Il servizio, coordinato dal Commissario Capo Luigi Schettino, ha visto impegnati numerose pattuglie del Reparto Prevenzione Crimine Toscana, della Questura e della Polizia Stradale, pattuglie della Polizia Municipale e del Corpo Forestale dello Stato.

La sinergia tra le diverse componenti dello spiegamento di Forze dell’Ordine ha permesso che il controllo fosse esteso a tutti i possibili ambiti di accertamento, con particolare attenzione all’aspetto ambientale, sovente sottovalutato.

Gli agenti hanno provveduto a censire i nuclei familiari presenti, ciò propedeutico ad una maggiore conoscenza del dato anagrafico dei residenti; si è inoltre proceduto all’identificazione di decine di nomadi e alla verifica dei precedenti di polizia ed eventuali pendenze con la giustizia, nonché alla regolarità della loro presenza sul territorio. Si è anche proceduto al controllo di tutti i veicoli presenti nel campo, al controllo dei relativi documenti e delle prescrizioni per la corretta circolazione su strada.

I controlli hanno dato esito negativo, dimostrando la notevole integrazione raggiunta dai residenti del campo che, si ricorda, è il più grande della Regione Toscana.

Tuttavia, i controlli di natura ambientale, condotti dal Corpo Forestale dello Stato, hanno permesso di denunciare tre persone di nazionalità macedone all’Autorità Giudiziaria.

I primi due residenti sono stati denunciati per attività di gestione illecita dei rifiuti, svolta in assenza delle necessarie iscrizioni all’albo dei gestori ambientali. Sequestrati circa 30 chili di rame in matasse ricavati dallo smontaggio di piccoli elettrodomestici. Il rame era stoccato in alcuni contenitori cilindrici.

Un altro soggetto è stato denunciato perché, pur essendo iscritto alla Camera di Commercio in qualità di raccoglitore di ferro vecchio, non aveva ancora ottenuto l’iscrizioni all’albo dei gestori ambientali e aveva, di conseguenza, dato luogo ad un deposito illecito di rifiuti in assenza delle necessarie autorizzazioni.

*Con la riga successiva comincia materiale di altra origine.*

lemma m_sup_eq_linear:
  assumes bound: "\<forall>j<J. \<phi> (V j) \<le> w \<bullet> V j"
    and v: "\<forall>j<J. 0 \<le> v j" "(\<Sum>j<J. v j *\<^sub>R V j) = r"
    and tight: "\<forall>j<J. v j \<noteq> 0 \<longrightarrow> \<phi> (V j) = w \<bullet> V j"
  shows "m_sup \<phi> J V r = w \<bullet> r"
  unfolding m_sup_def
proof (rule cSup_eq_maximum)
  have "(\<Sum>j<J. v j * \<phi> (V j)) = w \<bullet> r"
    using weighted_sum_eq_linear_iff[OF bound v(1)] tight v(2) by simp
  then show "w \<bullet> r \<in> {\<Sum>j<J. u j * \<phi> (V j) |u. (\<forall>j<J. 0 \<le> u j) \<and> (\<Sum>j<J. u j *\<^sub>R V j) = r}"
    using v by (intro CollectI exI[of _ v]) simp
next
  fix x
  assume "x \<in> {\<Sum>j<J. u j * \<phi> (V j) |u. (\<forall>j<J. 0 \<le> u j) \<and> (\<Sum>j<J. u j *\<^sub>R V j) = r}"
  then obtain u where "x = (\<Sum>j<J. u j * \<phi> (V j))" "\<forall>j<J. 0 \<le> u j" "(\<Sum>j<J. u j *\<^sub>R V j) = r"
    by blast
  then show "x \<le> w \<bullet> r" using weighted_sum_le_linear[OF bound] by blast
qed

lemma linearity_domain_eq_contact_set:
  assumes "linearity_domain \<delta> \<phi> S" "concave_on \<delta> \<phi>"
    and "\<forall>x\<in>\<delta>. \<phi> x \<le> w \<bullet> x" "\<forall>y\<in>S. \<phi> y = w \<bullet> y"
  shows "S = {x\<in>\<delta>. \<phi> x = w \<bullet> x}"
proof -
  have contact: "{x\<in>\<delta>. \<phi> x = w \<bullet> x} = {x\<in>\<delta>. w \<bullet> x \<le> \<phi> x}"
    using assms(3) by force
  have "convex {x\<in>\<delta>. \<phi> x = w \<bullet> x}"
    unfolding contact using assms(2) by (rule convex_linear_le_concave)
  moreover have "affine_on {x\<in>\<delta>. \<phi> x = w \<bullet> x} \<phi>"
    unfolding affine_on_def by (rule exI[of _ w], rule exI[of _ 0]) simp
  moreover have "S \<subseteq> {x\<in>\<delta>. \<phi> x = w \<bullet> x}"
    using assms(1,4) unfolding linearity_domain_def by blast
  ultimately show ?thesis
    using assms(1) unfolding linearity_domain_def by (metis (no_types, lifting) mem_Collect_eq subsetI)
qed

lemma regular_decomposition_cellD:
  assumes "regular_decomposition \<delta> A h D \<phi>" "i < h"
  shows "polytope (D i)" "\<forall>v. v extreme_point_of D i \<longrightarrow> v \<in> A"
    and "aff_dim (D i) = aff_dim \<delta>" "linearity_domain \<delta> \<phi> (D i)"
  using assms unfolding regular_decomposition_def by blast+
(* Let $k \geq 100$ and $c > 1$ be fixed, let $G\sim G(n,\frac{c}{n})$, let $\widetilde{M}_k$ be a weighted ($k$th-)neighbourhood sum and let $\widehat{M}_k$ be its truncation. Then \[ \mathrm{Var}\left[\widetilde{M}_k - \widehat{M}_k\right] \leq n\exp\left(-c^2k^2\right) + O(1), \quad\text{as } n \rightarrow \infty. \]
   Context: $G(n,p)$ is the binomial random graph on $[n]$. $B_G(v,k)$ is the set of vertices at graph distance at most $k$ from $v$. A rooted graph $(H,r)$ is a graph with a distinguished vertex; $(H_1,r_1)\cong(H_2,r_2)$ means there is a graph isomorphism mapping $r_1$ to $r_2$. Let $\mathcal H$ be the set of (isomorphism classes of) rooted graphs $(H,r)$ of radius at most $k$ (all vertices within distance $k$ of $r$). A weighted neighbourhood sum is a random variable $\widetilde M_k=\sum_{v\in V(G)}\sum_{(H,r)\in\mathcal H}\beta_{(H,r)}\mathbf 1\{(G[B_G(v,k)],v)\cong(H,r)\}$, where $\beta_{(H,r)}\in[0,1]$ are constants depending only on $(H,r)$. Its truncation is $\widehat M_k=\sum_{v\in V(G)}\sum_{(T,r)\in\mathcal T}\beta_{(T,r)}\mathbf 1\{(G[B_G(v,k)],v)\cong(T,r)\}$, where $\mathcal T$ is the set of rooted trees $(T,r)\in\mathcal H$ with $1\le v(T)\le t_k\coloneqq(10ck)^{2k}$. *)

theory Defs
  imports "HOL-Probability.Probability"
begin

definition graph :: "nat set \<Rightarrow> nat set set \<Rightarrow> bool" where
  "graph V E \<longleftrightarrow> finite V \<and> (\<forall>e\<in>E. e \<subseteq> V \<and> card e = 2)"

fun walk_le :: "nat set set \<Rightarrow> nat \<Rightarrow> nat \<Rightarrow> nat \<Rightarrow> bool" where
  "walk_le E 0 v u = (u = v)"
| "walk_le E (Suc m) v u = (walk_le E m v u \<or> (\<exists>w. walk_le E m v w \<and> {w, u} \<in> E))"

definition ball :: "nat set \<Rightarrow> nat set set \<Rightarrow> nat \<Rightarrow> nat \<Rightarrow> nat set" where
  "ball V E v k = {u \<in> V. walk_le E k v u}"

definition induced :: "nat set set \<Rightarrow> nat set \<Rightarrow> nat set set" where
  "induced E B = {e \<in> E. e \<subseteq> B}"

definition rooted_iso ::
  "nat set \<Rightarrow> nat set set \<Rightarrow> nat \<Rightarrow> nat set \<Rightarrow> nat set set \<Rightarrow> nat \<Rightarrow> bool" where
  "rooted_iso V1 E1 r1 V2 E2 r2 \<longleftrightarrow>
     (\<exists>f. bij_betw f V1 V2 \<and> f r1 = r2 \<and>
          (\<forall>x\<in>V1. \<forall>y\<in>V1. {x, y} \<in> E1 \<longleftrightarrow> {f x, f y} \<in> E2))"

definition connected_graph :: "nat set \<Rightarrow> nat set set \<Rightarrow> bool" where
  "connected_graph V E \<longleftrightarrow> (\<forall>u\<in>V. \<forall>w\<in>V. \<exists>m. walk_le E m u w)"
lemma is_solution_Q_tested_with_laplacian:
  fixes \<Omega> :: "(real^'n::finite) set"
  assumes "is_solution_Q \<Omega> \<phi> lam \<mu> v" and "test_fun \<Omega> \<psi>" and "\<And>i. test_fun \<Omega> (pdiff i \<psi>)"
  defines "f \<equiv> \<lambda>x. lam * (v x + \<mu> * \<phi> x) + (v x + \<mu> * \<phi> x) powr (crit_exp TYPE('n) - 1)"
  shows "set_integrable lebesgue \<Omega> (\<lambda>x. f x * \<psi> x + v x * laplacian \<psi> x)"
    and "(LINT x:\<Omega>|lebesgue. f x * \<psi> x + v x * laplacian \<psi> x) = 0"
proof -
  obtain w where "weak_grad \<Omega> v w"
    and eq: "set_integrable lebesgue \<Omega> (\<lambda>x. f x * \<psi> x)"
      "(LINT x:\<Omega>|lebesgue. w x \<bullet> grad_cl \<psi> x) = (LINT x:\<Omega>|lebesgue. f x * \<psi> x)"
    using assms(1,2) unfolding is_solution_Q_def H10_def H1_def f_def Let_def by blast
  note lap = weak_grad_set_integral_laplacian[OF this(1) assms(3)]
  show "set_integrable lebesgue \<Omega> (\<lambda>x. f x * \<psi> x + v x * laplacian \<psi> x)"
    using eq(1) lap(1) by (rule set_integral_add)
  show "(LINT x:\<Omega>|lebesgue. f x * \<psi> x + v x * laplacian \<psi> x) = 0"
    using eq lap by (simp add: set_integral_add)
qed

lemma crit_exp_gt_2:
  assumes "CARD('n::finite) \<ge> 3"
  shows "crit_exp TYPE('n) > 2"
proof -
  have "real CARD('n) \<ge> 3" using assms by linarith
  then show ?thesis unfolding crit_exp_def by (simp add: field_simps)
qed

lemma powr_gt_if_powr_inverse_lt:
  fixes m p s :: real
  assumes "0 < m" "0 < p" "m powr (1/p) < s"
  shows "m < s powr p"
proof -
  have "(m powr (1/p)) powr p < s powr p"
    using assms by (intro powr_less_mono2) auto
  then show ?thesis using assms by (simp add: powr_powr)
qed
(* Let $n\ge3$, $\ell>0$, $\alpha\ge(n-2)\ell$, $S=\alpha I_n+\ell\mathbf{1}_n\mathbf{1}_n^\top$, and let $P\ne0$ be a real symmetric diagonally dominant $n\times n$ matrix with nonnegative entries. Let $Q=S^{-1}PS^{-1}$. Then $Q_{ii}-\sum_{j\ne i}Q_{ij}>0$ for every $i=1,\dots,n$.
   Context: For a real matrix $P$, $\Delta_i(P)=|P_{ii}|-\sum_{j\ne i}|P_{ij}|$; $P$ is diagonally dominant if $\Delta_i(P)\ge0$ for all $i$. *)

theory Defs
  imports "HOL-Analysis.Analysis"
begin

definition dd_margin :: "real^'n^'n \<Rightarrow> 'n \<Rightarrow> real" where
  "dd_margin P i = \<bar>P $ i $ i\<bar> - (\<Sum>j\<in>UNIV - {i}. \<bar>P $ i $ j\<bar>)"

definition diag_dominant :: "real^'n^'n \<Rightarrow> bool" where
  "diag_dominant P \<longleftrightarrow> (\<forall>i. dd_margin P i \<ge> 0)"

definition ones_mat :: "real^'n^'n" where
  "ones_mat = (\<chi> i j. 1)"

end

theory Submission
  imports Defs
begin

(* Let N = CARD('n), J = ones_mat, and write r_i for the row sums and s for the sum of all
   entries of P.  Matrices x I - y J form a commutative algebra (J J = N J), which shows that
   S = \<alpha> I + l J has the inverse T = a I - b J with a = 1/\<alpha> and b = l / (\<alpha> (\<alpha> + N l)).
   For symmetric P the entries of T P T are a^2 P_ij - a b (r_i + r_j) + b^2 s, so the row excess
   Q_ii - \<Sum>_{j\<noteq>i} Q_ij of Q = T P T equals
       a^2 (p - q) + a b (N - 4) (p + q) + b (a - (N - 2) b) s,
   where p = P_ii and q = \<Sum>_{j\<noteq>i} P_ij.  For nonnegative, symmetric, diagonally dominant
   P \<noteq> 0 one has 0 \<le> q \<le> p, s \<ge> p + 2q and s > 0, while \<alpha> \<ge> (N - 2) l amounts to
   a \<ge> (2N - 2) b; an elementary inequality (valid for every real N \<ge> 3) then makes the
   expression positive. *)

definition row_sum :: "real^'n^'n \<Rightarrow> 'n \<Rightarrow> real" where
  "row_sum A i = (\<Sum>k\<in>UNIV. A $ i $ k)"

definition entry_sum :: "real^'n^'n \<Rightarrow> real" where
  "entry_sum A = (\<Sum>i\<in>UNIV. row_sum A i)"

definition row_excess :: "real^'n^'n \<Rightarrow> 'n \<Rightarrow> real" where
  "row_excess A i = A $ i $ i - (\<Sum>j\<in>UNIV - {i}. A $ i $ j)"

text \<open>A two-sided inverse is the inverse: the library defines \<open>matrix_inv\<close> by choice only.\<close>

lemma matrix_inv_eqI:
  fixes S :: "'a::semiring_1^'n^'m" and T :: "'a^'m^'n"
  assumes ST: "S ** T = mat 1" and TS: "T ** S = mat 1"
  shows "matrix_inv S = T"
proof -
  have "S ** matrix_inv S = mat 1 \<and> matrix_inv S ** S = mat 1"
    unfolding matrix_inv_def by (rule someI[of _ T]) (use assms in simp)
  then have "matrix_inv S = matrix_inv S ** (S ** T)" and "matrix_inv S ** S = mat 1"
    using ST by simp_all
  then show ?thesis by (simp add: matrix_mul_assoc)
qed

lemma identity_ones_entry:
  "(x *\<^sub>R mat 1 - y *\<^sub>R ones_mat :: real^'n^'n) $ i $ k = (if i = k then x else 0) - y"
  by (simp add: ones_mat_def mat_def)

lemma identity_ones_mult_left:
  fixes A :: "real^'n^'n"
  shows "((x *\<^sub>R mat 1 - y *\<^sub>R ones_mat) ** A) $ i $ j = x * A $ i $ j - y * row_sum (transpose A) j"
proof -
  have "((x *\<^sub>R mat 1 - y *\<^sub>R ones_mat) ** A) $ i $ j
      = (\<Sum>k\<in>UNIV. (if i = k then x * A $ k $ j else 0) - y * A $ k $ j)"
    unfolding matrix_matrix_mult_def identity_ones_entry vec_lambda_beta
    by (intro sum.cong) (auto simp: left_diff_distrib)
  then show ?thesis by (simp add: sum_subtractf row_sum_def transpose_def sum_distrib_left)
qed

lemma identity_ones_mult_right:
  fixes A :: "real^'n^'n"
  shows "(A ** (x *\<^sub>R mat 1 - y *\<^sub>R ones_mat)) $ i $ j = x * A $ i $ j - y * row_sum A i"
proof -
  have "(A ** (x *\<^sub>R mat 1 - y *\<^sub>R ones_mat)) $ i $ j
      = (\<Sum>k\<in>UNIV. (if k = j then x * A $ i $ k else 0) - y * A $ i $ k)"
    unfolding matrix_matrix_mult_def identity_ones_entry vec_lambda_beta
    by (intro sum.cong) (auto simp: right_diff_distrib)
  then show ?thesis by (simp add: sum_subtractf row_sum_def sum_distrib_left)
qed

lemma row_sum_identity_ones:
  "row_sum (x *\<^sub>R mat 1 - y *\<^sub>R ones_mat :: real^'n^'n) i = x - real CARD('n) * y"
  unfolding row_sum_def identity_ones_entry by (simp add: sum_subtractf)

lemma identity_ones_mult:
  "(x *\<^sub>R mat 1 - y *\<^sub>R ones_mat) ** (u *\<^sub>R mat 1 - v *\<^sub>R ones_mat)
     = (x * u) *\<^sub>R mat 1 - (x * v + y * u - real CARD('n) * y * v) *\<^sub>R (ones_mat :: real^'n^'n)"
  unfolding vec_eq_iff identity_ones_mult_right row_sum_identity_ones identity_ones_entry
  by (simp add: algebra_simps)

Lo stesso è stato denunciato anche per invasione di proprietà demaniale, visto che lo stoccaggio avveniva su area del demanio. L’area, contenente circa 300 kg di laminati metallici e profilati d’alluminio, è stata posta sotto sequestro.

I servizi, disposti dal Questore di Pisa Gianfranco Bernabei, saranno ripetuti con regolarità.